Surrealism. Origins, styles and main exponents of the avant-garde movement


Surrealists promoted a spontaneous expression of their imaginations, dreams and unconscious desires. Origins, style, artists.

Surrealism was a European avant-garde literary and artistic movement that arose in Paris in the 1920s and spread internationally until the outbreak of World War II, covering everything from literature to painting, sculpture and photography to theater and film. As with other historical avant-gardes at the turn of the century, the movement’s intentions were introduced by literati, even before visual artists, in the journal Littérature founded by André Breton (Tinchebray, 1896 - Paris, 1966), Louis Aragon (Paris, 1897 - 1982) and Philippe Soupault (Chaville, 1897 - Paris, 1990). This group of intellectuals, after initially joining the Dadaism movement and supporting its spirit of subverting traditional art categories, techniques and modes of enjoyment, began to take an interest in the themes of the irrational and the unconscious, which were becoming more widespread in those years thanks to the discoveries of the founder of psychoanalysis Sigmund Freud.

The first manifesto of Surrealism was published in 1924 by the poet and art critic Breton himself, who up to that point had been a member and leader of the Dadaists in France, and after whom many among them joined the new movement. In the Manifeste du Surréalisme were expressed the premises, later found to be very influential in the rest of Europe and spread to other continents from America to Japan, that there was a need for a liberation of the imagination of the artist who could thus, as opposed to the realm of logic, lower himself and promote his own spontaneous, accidental, dreamlike dimension, the one analyzed by Freud himself in his patients. With the rise of the latter’s theories on the inner life and sexuality, the dynamics of the dream came to represent the ideal state for creation, as the meeting point between conscious rationality and the irrationality of unconscious elements and hidden desires. At the foundation of the movement was the exaltation of “pure psychic automatism,” which guaranteed for any art form that unusual combinations could be created without aesthetic or moral concerns, practicing associations between ideas and images in a fortuitous, automatic, liberating way. Surrealism aspired to change lifestyles, to transform human beings’ relationships with themselves and others.

Leading exponents included Frenchmen André Masson (Balagny-sur-Thérain, 1896 - Paris, 1987), Hans Arp (Strasbourg, 1886 - Basel, 1966), Yves Tanguy (Paris, 1900 - Woodbury, 1955), German Max Ernst (Brühl, 1891 - Paris, 1976), Spaniards Joan Miró (Barcelona, 1893 - Palma de Mallorca, 1983) and Salvator Dalí (Figueres, 1904 -1989), the Belgians René Magritte (Lessines, 1898 - Brussels, 1967) and Paul Delvaux (Antheit, 1897 - Furnes, 1994), the Americans Man Ray (Philadelphia, 1890 - Paris, 1976) and Alexander Calder (Lawnton, 1898 - New York, 1976) and, among others, the Swiss Alberto Giacometti (Borgonovo di Stampa, 1901 - Chur, 1966).

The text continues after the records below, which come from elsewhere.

lemma jump_kernels_continuous_on:
  assumes "S \<subseteq> {0<..<1}"
  shows "continuous_on S (neg_jump_kernel q)" "continuous_on S (pos_jump_kernel q)"
    "continuous_on S (offspring_kernel q)"
  using assms
  unfolding neg_jump_kernel_def pos_jump_kernel_def offspring_kernel_def powr_convexity_gap_def
  by (auto intro!: continuous_intros)

lemma pos_jump_kernel_eq:
  fixes q x :: real
  assumes "0 < x"
  shows "pos_jump_kernel q x = (x powr (2 - q) - x\<^sup>2 - q * x + q * x\<^sup>2) / (1 - x)\<^sup>2"
proof -
  have "x\<^sup>2 * (1 / x) powr q = x powr (2 - q)"
    using assms by (simp add: powr_diff powr_divide powr_realpow)
  hence "x\<^sup>2 * powr_convexity_gap q (1 / x) = x powr (2 - q) - x\<^sup>2 - q * x + q * x\<^sup>2"
    using assms by (simp add: powr_convexity_gap_def algebra_simps power2_eq_square)
  thus ?thesis
    unfolding pos_jump_kernel_def by simp
qed
(* Let $p,q$ be positive integers and let $s_1,\dots,s_p,d_1,\dots,d_q:[0,1]\to[0,1]$ be the truth functions of the hedge connectives of FLn with many hedges; that is, writing $s_0=d_0=\mathrm{id}_{[0,1]}$, they make all hedge axioms tautologies, which means that for all $a,b\in[0,1]$: (1) $a\Rightarrow b\ \le\ h(a)\Rightarrow h(b)$ for every $h\in\{s_1,\dots,s_p,d_1,\dots,d_q\}$; (2) $s_i(a)\le s_{i-1}(a)$ for $i=1,\dots,p$; (3) $s_p(1)=1$; (4) $d_{j-1}(a)\le d_j(a)$ for $j=1,\dots,q$; (5) $d_q(0)=0$. Then for every $h\in\{s_1,\dots,s_p,d_1,\dots,d_q\}$, $h$ is non-decreasing, $h(0)=0$ and $h(1)=1$.
   Context: Truth values form the Łukasiewicz algebra on $[0,1]$ with $a\Rightarrow b=\min(1,1-a+b)$. FLn with many hedges extends the first-order fuzzy logic FLn (with logical constants $\overline{a}$ for every $a\in[0,1]$, implication $\to$, negation $\neg A\equiv A\to\overline{0}$) by unary connectives $s_1,\dots,s_p$ (truth-stressing hedges) and $d_1,\dots,d_q$ (truth-depressing hedges), with $s_0,d_0$ denoting the identity connective, and adds the logical axioms (in degree 1) $(A\to B)\to(hA\to hB)$ for all hedges $h$; $s_iA\to s_{i-1}A$ ($i=1,\dots,p$); $s_p\overline{1}$; $d_{j-1}A\to d_jA$ ($j=1,\dots,q$); $\neg d_q\overline{0}$. Conditions (1)–(5) are exactly the requirement that these axioms take truth value 1 in every structure, where a hedge $h$ is interpreted by its truth function: $\mathcal{D}(hA)=h(\mathcal{D}(A))$. *)

theory Defs
  imports Complex_Main
begin

definition luk_imp :: "real \<Rightarrow> real \<Rightarrow> real" where
  "luk_imp a b = min 1 (1 - a + b)"

end

theory Submission
  imports Defs
begin

(* A map preserving the Lukasiewicz residuum is monotone, because a <= b forces the residuum
   to be 1. The stressing hedges form a descending chain below the identity s_0, the depressing
   ones an ascending chain above d_0; hence s_i 0 <= s_0 0 = 0 and 1 = s_p 1 <= s_i 1, and
   dually d_i 0 <= d_q 0 = 0 and 1 = d_0 1 <= d_i 1. *)

lemma luk_imp_eq_1_iff: "luk_imp a b = 1 \<longleftrightarrow> a \<le> b"
  by (auto simp add: luk_imp_def min_def)

lemma mono_on_if_luk_imp_le:
  assumes "\<And>a b. a \<in> S \<Longrightarrow> b \<in> S \<Longrightarrow> luk_imp a b \<le> luk_imp (h a) (h b)"
  shows "mono_on S h"
proof (rule mono_onI)
  fix a b assume "a \<in> S" "b \<in> S" "a \<le> b"
  then have "1 \<le> luk_imp (h a) (h b)"
    using assms by (metis luk_imp_eq_1_iff)
  then show "h a \<le> h b"
    by (simp add: luk_imp_def)
qed

lemma chain_le_ascending:
  fixes f :: "nat \<Rightarrow> 'a::preorder"
  assumes "\<And>n. n \<in> {1..m} \<Longrightarrow> f (n - 1) \<le> f n" and "k \<le> j" and "j \<le> m"
  shows "f k \<le> f j"
  using assms(2,3)
proof (induction j rule: dec_induct)
  case (step n)
  then show ?case
    using assms(1)[of "Suc n"] order_trans by auto
qed simp

lemma chain_le_descending:
  fixes f :: "nat \<Rightarrow> 'a::preorder"
  assumes "\<And>n. n \<in> {1..m} \<Longrightarrow> f n \<le> f (n - 1)" and "k \<le> j" and "j \<le> m"
  shows "f j \<le> f k"
  using assms(2,3)
proof (induction j rule: dec_induct)
  case (step n)
  then show ?case
    using assms(1)[of "Suc n"] order_trans by auto
qed simp

theorem mainTheorem1:
  fixes p q :: nat and s d :: "nat \<Rightarrow> real \<Rightarrow> real"
  assumes "p \<ge> 1" and "q \<ge> 1"
    and s0: "\<And>a. a \<in> {0..1} \<Longrightarrow> s 0 a = a"
    and d0: "\<And>a. a \<in> {0..1} \<Longrightarrow> d 0 a = a"
    and s_range: "\<And>i a. i \<in> {1..p} \<Longrightarrow> a \<in> {0..1} \<Longrightarrow> s i a \<in> {0..1}"
    and d_range: "\<And>j a. j \<in> {1..q} \<Longrightarrow> a \<in> {0..1} \<Longrightarrow> d j a \<in> {0..1}"
    and ax1s: "\<And>i a b. i \<in> {1..p} \<Longrightarrow> a \<in> {0..1} \<Longrightarrow> b \<in> {0..1} \<Longrightarrow>
                 luk_imp a b \<le> luk_imp (s i a) (s i b)"
    and ax1d: "\<And>j a b. j \<in> {1..q} \<Longrightarrow> a \<in> {0..1} \<Longrightarrow> b \<in> {0..1} \<Longrightarrow>
                 luk_imp a b \<le> luk_imp (d j a) (d j b)"
    and ax2: "\<And>i a. i \<in> {1..p} \<Longrightarrow> a \<in> {0..1} \<Longrightarrow> s i a \<le> s (i - 1) a"
    and ax3: "s p 1 = 1"
    and ax4: "\<And>j a. j \<in> {1..q} \<Longrightarrow> a \<in> {0..1} \<Longrightarrow> d (j - 1) a \<le> d j a"
    and ax5: "d q 0 = 0"
  shows "(\<forall>i \<in> {1..p}. mono_on {0..1} (s i) \<and> s i 0 = 0 \<and> s i 1 = 1) \<and>
         (\<forall>j \<in> {1..q}. mono_on {0..1} (d j) \<and> d j 0 = 0 \<and> d j 1 = 1)"
proof (intro conjI ballI)
  fix i assume i: "i \<in> {1..p}"
  have s_chain: "s j a \<le> s k a" if "k \<le> j" "j \<le> p" "a \<in> {0..1}" for j k a
    using chain_le_descending[where f = "\<lambda>n. s n a"] ax2 that by blast
  show "mono_on {0..1} (s i)"
    using ax1s[OF i] by (rule mono_on_if_luk_imp_le)
  show "s i 0 = 0"
    using s_chain[of 0 i 0] s0[of 0] s_range[OF i, of 0] i by auto
  show "s i 1 = 1"
    using s_chain[of i p 1] ax3 s_range[OF i, of 1] i by auto
next
  fix j assume j: "j \<in> {1..q}"
  have d_chain: "d k a \<le> d l a" if "k \<le> l" "l \<le> q" "a \<in> {0..1}" for l k a
    using chain_le_ascending[where f = "\<lambda>n. d n a"] ax4 that by blast
  show "mono_on {0..1} (d j)"
    using ax1d[OF j] by (rule mono_on_if_luk_imp_le)
  show "d j 0 = 0"
    using d_chain[of j q 0] ax5 d_range[OF j, of 0] j by auto
  show "d j 1 = 1"
    using d_chain[of 0 j 1] d0[of 1] d_range[OF j, of 1] j by auto
qed

end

Joan Miró, Max Morise, Man Ray, Yves Tanguy, Cadavre exquis (1927; ink, graphite, colored pencil, and collage of a fragment of silver paper on paper, 36 x 23 cm; Paris, Centre Pompidou, Musée National d'art moderne)
Joan Miró, Max Morise, Man Ray, Yves Tanguy, Cadavre exquis (1927; ink, graphite, colored pencil and collage of a fragment of silver paper on paper, 36 x 23 cm; Paris, Centre Pompidou, Musée National d’art moderne)
Max Ernst, Edipus Rex (1922; oil on canvas, 93 x 102 cm; Switzerland, Private Collection)
Max Ernst, Edipus Rex (1922; oil on canvas, 93 x 102 cm; Switzerland, Private Collection)
Max Ernst, The Hearth Angel (1937; oil on canvas, 114 x 146 cm; Switzerland, Private Collection)
Max Ernst, The Hearth Angel (1937; oil on canvas, 114 x 146 cm; Switzerland, Private Collection)
Max Ernst, Men Will Know Nothing (1923; oil on canvas, 80.3 x 63.8 cm; London, Tate)
Max Ernst, Men Will Know Nothing (1923; oil on canvas, 80.3 x 63.8 cm; London, Tate)
Joan Miró, The Carnival of Harlequin (1924; oil on canvas, 66 x 93 cm; Buffalo, Albright-Knox Art Gallery)
Joan Miró, The Carnival of Harlequin (1924; oil on canvas, 66 x 93 cm; Buffalo, Albright-Knox Art Gallery)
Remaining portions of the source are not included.